Mechanism of histone deacetylases in cardiac hypertrophy and its therapeutic inhibitors

Abstract

Cardiac hypertrophy is a key process in cardiac remodeling development, leading to ventricle enlargement and heart failure. Recently, studies show the complicated relation between cardiac hypertrophy and epigenetic modification. Post-translational modification of histone is an essential part of epigenetic modification, which is relevant to multiple cardiac diseases, especially in cardiac hypertrophy. There is a group of enzymes related in the balance of histone acetylation/deacetylation, which is defined as histone acetyltransferase (HAT) and histone deacetylase (HDAC). In this review, we introduce an important enzyme family HDAC, a key regulator in histone deacetylation. In cardiac hypertrophy HDAC I downregulates the anti-hypertrophy gene expression, including Kruppel-like factor 4 (Klf4) and inositol-5 phosphatase f (Inpp5f), and promote the development of cardiac hypertrophy. On the contrary, HDAC II binds to myocyte-specific enhancer factor 2 (MEF2), inhibit the assemble ability to HAT and protect against cardiac hypertrophy. Under adverse stimuli such as pressure overload and calcineurin stimulation, the HDAC II transfer to cytoplasm, and MEF2 can bind to nuclear factor of activated T cells (NFAT) or GATA binding protein 4 (GATA4), mediating inappropriate gene expression. HDAC III, also known as SIRTs, can interact not only to transcription factors, but also exist interaction mechanisms to other HDACs, such as HDAC IIa. We also present the latest progress of HDAC inhibitors (HDACi), as a potential treatment target in cardiac hypertrophy.

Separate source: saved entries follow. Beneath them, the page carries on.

(* Let $\mathcal{M}$ be a $W^*$-algebra, $p_0\in\mathcal{L}(\mathcal{M})$, $P_0:=\mathcal{G}_{p_0}(\mathcal{M})\cap\mathcal{M}p_0$ (an open subset of $\mathcal{M}p_0$) and $P_0^u:=\{\eta\in P_0:\eta^*\eta=p_0\}$. Let $X_1,X_2:P_0\to\mathcal{M}$ be smooth maps representing sections of the algebroid $\mathcal{A}_{p_0}(\mathcal{M})$ (i.e. $X_i(\eta g)=X_i(\eta)$ for all invertible $g\in p_0\mathcal{M}p_0$), and define $$[X_1,X_2]_{\mathcal{A}}:=[X_2,X_1]+\Big\langle\frac{\partial X_2}{\partial\eta},X_1\eta\Big\rangle-\Big\langle\frac{\partial X_1}{\partial\eta},X_2\eta\Big\rangle+\Big\langle\frac{\partial X_2}{\partial\eta^*},\eta^*X_1^*\Big\rangle-\Big\langle\frac{\partial X_1}{\partial\eta^*},\eta^*X_2^*\Big\rangle,$$ where $[X_2,X_1]=X_2X_1-X_1X_2$. If $\eta^*\big(X_i(\eta)+X_i(\eta)^*\big)\eta=0$ for all $\eta\in P_0^u$ and $i=1,2$ (i.e. $X_1,X_2$ are sections of the subbundle corresponding to partial isometries), then $X:=[X_1,X_2]_{\mathcal{A}}$ also satisfies $\eta^*\big(X(\eta)+X(\eta)^*\big)\eta=0$ for all $\eta\in P_0^u$.
   Context: $\mathcal{L}(\mathcal{M})$ is the lattice of orthogonal projections; $\mathcal{G}(\mathcal{M})$ is the groupoid of partially invertible elements ($x\in\mathcal{M}$ with $|x|$ invertible in $p\mathcal{M}p$, $p$ the support of $|x|$), with target the left support $\mathbf{l}$ and source the right support $\mathbf{r}$; $\mathcal{L}_{p_0}(\mathcal{M})=\{\mathbf{l}(x):\mathbf{r}(x)=p_0\}$ and $\mathcal{G}_{p_0}(\mathcal{M})=\mathbf{l}^{-1}(\mathcal{L}_{p_0}(\mathcal{M}))\cap\mathbf{r}^{-1}(\mathcal{L}_{p_0}(\mathcal{M}))$. The algebroid $\mathcal{A}_{p_0}(\mathcal{M})\cong TP_0/G_0$ of $\mathcal{G}_{p_0}(\mathcal{M})\rightrightarrows\mathcal{L}_{p_0}(\mathcal{M})$ ($G_0$ the invertible elements of $p_0\mathcal{M}p_0$): a $G_0$-invariant vector field on $P_0$ with component $\vartheta:P_0\to\mathcal{M}p_0$, $\vartheta(\eta g)=\vartheta(\eta)g$, corresponds to the section $X(\mathbf{l}(\eta))=\vartheta(\eta)\eta^{-1}$. Functions are written in the complex coordinates $(\eta,\eta^* )\in\mathcal{M}p_0\oplus p_0\mathcal{M}$; $\partial/\partial\eta$ and $\partial/\partial\eta^*$ denote the partial (Fréchet) derivatives with respect to $\eta$ and $\eta^*$ treated as independent variables, and $\langle\partial F/\partial\eta,v\rangle$ denotes the derivative of $F$ in direction $v$. For a section with $\vartheta(\eta)=X(\eta)\eta$ on $P_0^u$, the condition $\eta^*\vartheta+\vartheta^*\eta=0$ (tangency to $P_0^u$) is equivalent to $\eta^*(X+X^* )\eta=0$. *)

theory Defs
  imports "HOL-Analysis.Analysis"
begin

text \<open>An abstract unital complex C*-algebra is modelled on a type
  'a :: {real_normed_algebra_1, banach} together with a complex scalar
  multiplication sc and an involution st satisfying the C*-axioms.\<close>

definition cstar_alg :: "(complex \<Rightarrow> 'a::{real_normed_algebra_1,banach} \<Rightarrow> 'a) \<Rightarrow> ('a \<Rightarrow> 'a) \<Rightarrow> bool"
  where "cstar_alg sc st \<longleftrightarrow>
    (\<forall>x. sc 1 x = x) \<and>
    (\<forall>a b x. sc a (sc b x) = sc (a * b) x) \<and>
    (\<forall>a x y. sc a (x + y) = sc a x + sc a y) \<and>
    (\<forall>a b x. sc (a + b) x = sc a x + sc b x) \<and>
    (\<forall>r x. sc (complex_of_real r) x = r *\<^sub>R x) \<and>
    (\<forall>a x y. sc a (x * y) = sc a x * y \<and> sc a (x * y) = x * sc a y) \<and>
    (\<forall>a x. norm (sc a x) = cmod a * norm x) \<and>
    (\<forall>x. st (st x) = x) \<and>
    (\<forall>x y. st (x + y) = st x + st y) \<and>
    (\<forall>a x. st (sc a x) = sc (cnj a) (st x)) \<and>
    (\<forall>x y. st (x * y) = st y * st x) \<and>
    (\<forall>x. norm (st x * x) = (norm x)\<^sup>2)"

definition clin_fun :: "(complex \<Rightarrow> 'a::real_normed_vector \<Rightarrow> 'a) \<Rightarrow> ('a \<Rightarrow> complex) \<Rightarrow> bool"
  where "clin_fun sc f \<longleftrightarrow> (\<forall>x y. f (x + y) = f x + f y) \<and> (\<forall>a x. f (sc a x) = a * f x)
           \<and> (\<exists>K. \<forall>x. cmod (f x) \<le> K * norm x)"

definition fnorm :: "('a::real_normed_vector \<Rightarrow> complex) \<Rightarrow> real"
  where "fnorm f = Sup {cmod (f x) | x. norm x \<le> 1}"

text \<open>The predual is represented as a norm-closed complex subspace N of
  the dual of M such that the canonical map x \<mapsto> (f \<mapsto> f x) is an isometric
  isomorphism of M onto the dual of N.\<close>

definition wstar_alg :: "(complex \<Rightarrow> 'a::{real_normed_algebra_1,banach} \<Rightarrow> 'a) \<Rightarrow> ('a \<Rightarrow> 'a) \<Rightarrow> bool"
  where "wstar_alg sc st \<longleftrightarrow> cstar_alg sc st \<and>
    (\<exists>N :: ('a \<Rightarrow> complex) set.
       N \<subseteq> {f. clin_fun sc f} \<and>
       (\<lambda>_. 0) \<in> N \<and>
       (\<forall>f\<in>N. \<forall>g\<in>N. (\<lambda>x. f x + g x) \<in> N) \<and>
       (\<forall>f\<in>N. \<forall>a. (\<lambda>x. a * f x) \<in> N) \<and>
       (\<forall>g. clin_fun sc g \<and> (\<forall>e>0. \<exists>f\<in>N. fnorm (\<lambda>x. f x - g x) < e) \<longrightarrow> g \<in> N) \<and>
       (\<forall>\<psi> :: ('a \<Rightarrow> complex) \<Rightarrow> complex.
          (\<forall>f\<in>N. \<forall>g\<in>N. \<psi> (\<lambda>x. f x + g x) = \<psi> f + \<psi> g) \<and>
          (\<forall>f\<in>N. \<forall>a. \<psi> (\<lambda>x. a * f x) = a * \<psi> f) \<and>
          (\<exists>K. \<forall>f\<in>N. cmod (\<psi> f) \<le> K * fnorm f)
          \<longrightarrow> (\<exists>!x. \<forall>f\<in>N. \<psi> f = f x)) \<and>
       (\<forall>x. norm x = Sup {cmod (f x) | f. f \<in> N \<and> fnorm f \<le> 1}))"

definition proj :: "('a::times \<Rightarrow> 'a) \<Rightarrow> 'a \<Rightarrow> bool"
  where "proj st p \<longleftrightarrow> st p = p \<and> p * p = p"

definition positive :: "('a::times \<Rightarrow> 'a) \<Rightarrow> 'a \<Rightarrow> bool"
  where "positive st a \<longleftrightarrow> (\<exists>b. a = st b * b)"

definition absv :: "('a::times \<Rightarrow> 'a) \<Rightarrow> 'a \<Rightarrow> 'a"
  where "absv st x = (THE a. positive st a \<and> a * a = st x * x)"

text \<open>Right support: smallest projection p with x p = x; left support: smallest
  projection p with p x = x (order of projections: p \<le> q iff p q = p).\<close>

definition rsupp :: "('a::times \<Rightarrow> 'a) \<Rightarrow> 'a \<Rightarrow> 'a"
  where "rsupp st x = (THE p. proj st p \<and> x * p = x \<and> (\<forall>q. proj st q \<and> x * q = x \<longrightarrow> p * q = p))"

definition lsupp :: "('a::times \<Rightarrow> 'a) \<Rightarrow> 'a \<Rightarrow> 'a"
  where "lsupp st x = (THE p. proj st p \<and> p * x = x \<and> (\<forall>q. proj st q \<and> q * x = x \<longrightarrow> p * q = p))"

definition partinv :: "('a::times \<Rightarrow> 'a) \<Rightarrow> 'a \<Rightarrow> bool"
  where "partinv st x \<longleftrightarrow>
    (let a = absv st x; p = rsupp st a in \<exists>y. p * y * p = y \<and> a * y = p \<and> y * a = p)"

definition Gpi :: "('a::times \<Rightarrow> 'a) \<Rightarrow> 'a set"
  where "Gpi st = {x. partinv st x}"

definition Lp0 :: "('a::times \<Rightarrow> 'a) \<Rightarrow> 'a \<Rightarrow> 'a set"
  where "Lp0 st p0 = {lsupp st x | x. x \<in> Gpi st \<and> rsupp st x = p0}"

definition Gp0 :: "('a::times \<Rightarrow> 'a) \<Rightarrow> 'a \<Rightarrow> 'a set"
  where "Gp0 st p0 = {x \<in> Gpi st. lsupp st x \<in> Lp0 st p0 \<and> rsupp st x \<in> Lp0 st p0}"

definition Mp :: "'a::times \<Rightarrow> 'a set"
  where "Mp p0 = {m * p0 | m. True}"

definition P0 :: "('a::times \<Rightarrow> 'a) \<Rightarrow> 'a \<Rightarrow> 'a set"
  where "P0 st p0 = Gp0 st p0 \<inter> Mp p0"

definition P0u :: "('a::times \<Rightarrow> 'a) \<Rightarrow> 'a \<Rightarrow> 'a set"
  where "P0u st p0 = {\<eta> \<in> P0 st p0. st \<eta> * \<eta> = p0}"

definition inv_corner :: "'a::times \<Rightarrow> 'a \<Rightarrow> bool"
  where "inv_corner p0 g \<longleftrightarrow> p0 * g * p0 = g \<and> (\<exists>h. p0 * h * p0 = h \<and> g * h = p0 \<and> h * g = p0)"

text \<open>Smoothness (C^\<infinity>) of f on S, an open subset of the closed subspace V:
  there are iterated derivatives D k x (v_1,...,v_k) (directions taken from V, stored in
  the first k entries of a sequence), each Fr\'echet differentiable in x along S with the
  next derivative as derivative, and jointly continuous.\<close>

definition vcons :: "'a \<Rightarrow> (nat \<Rightarrow> 'a) \<Rightarrow> nat \<Rightarrow> 'a"
  where "vcons v vs = (\<lambda>i. case i of 0 \<Rightarrow> v | Suc j \<Rightarrow> vs j)"

definition smooth_on :: "'a::real_normed_vector set \<Rightarrow> 'a set \<Rightarrow> ('a \<Rightarrow> 'b::real_normed_vector) \<Rightarrow> bool"
  where "smooth_on S V f \<longleftrightarrow>
    (\<exists>D :: nat \<Rightarrow> 'a \<Rightarrow> (nat \<Rightarrow> 'a) \<Rightarrow> 'b.
       (\<forall>x vs. D 0 x vs = f x) \<and>
       (\<forall>k. \<forall>x\<in>S. \<forall>vs. (\<forall>i. vs i \<in> V) \<longrightarrow>
            ((\<lambda>y. D k y vs) has_derivative (\<lambda>v. D (Suc k) x (vcons v vs))) (at x within S)) \<and>
       (\<forall>k. continuous_on (S \<times> {vs. \<forall>i. vs i \<in> V}) (\<lambda>(x, vs). D k x vs)))"

text \<open>Partial derivatives in the complex coordinates (\<eta>, \<eta>*): with L the real
  Fr\'echet derivative, L v = \<langle>dF/d\<eta>, v\<rangle> + \<langle>dF/d\<eta>*, v*\<rangle>,
  the first complex-linear in v, the second complex-linear in v*.\<close>

definition dfr :: "('a::real_normed_vector \<Rightarrow> 'b::real_normed_vector) \<Rightarrow> 'a set \<Rightarrow> 'a \<Rightarrow> 'a \<Rightarrow> 'b"
  where "dfr f S x v = frechet_derivative f (at x within S) v"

Keywords: cardiac hypertrophy; epigenetics; gene regulation; histone deacetylase; small molecule inhibitors.

FIGURE 1

Relationship of HAT and HDAC mediated histone acetylation/deacetylation leading to cardiac hypertrophy. As mentioned above, the Class IIa HDACs are not capable of deacetylating histone residues due to a within the catalytic domain mutation. Therefore, HDAC IIa represses gene transcription by binding with MEF2, recruiting other transcriptional repressors and epigenetic regulators to DNA promoter regions, and maintaining the acetylation level of histone (Figure 1 top part). Under adverse stimulation such as pressure overload, HDAC IIa isolate from MEF2 and transport to cytoplasm, while MEF2 recruiting HAT and catalyze histone lysine residue, and regulate transcription activity. Meanwhile, BET family recognize the acetylation of histone, and bind to related gene promoter region, and promote cardiac hypertrophy (Figure 1 left bottom part). Meanwhile, Class I and IIb HDACs catalyze the removal of acetyl groups from key lysine residues within histone. Histone deacetylation induces chromatin condensation, which represses gene transcription by making gene promoter and enhancer regions less accessible to transcription. Overexpression of HDAC I reduces acetylation of lysine in histone (such as H3K27ac), which will reduce anti-hypertrophy gene transcriptional activity, leading to cardiac hypertrophy. HDACi can inhibit HDAC I catalyze activity, and stop the transport of HDAC II from nuclear to cytoplasm, and protect the heart. MEF, myocyte-specific enhancer; HAT, histone acetyltransferase; HDAC, histone deacetyltransferase; HDACi, HDAC inhibitor. [By Figdraw (www.figdraw.com)].

FIGURE 2

A brief scheme of cardiac hypertrophy development and the key molecules mentioned in this review. Ang II, angiotensin II; Ca, calcium; CaMKII, calcium/calmodulin dependent protein kinase; Endo 1, Endothelin 1; GATA, GATA binding protein; HDAC, histone deacetylase; ISO, isoproterenol; MEF, myocyte-specific enhancer factor; NFAT, nuclear factor of activated T cells.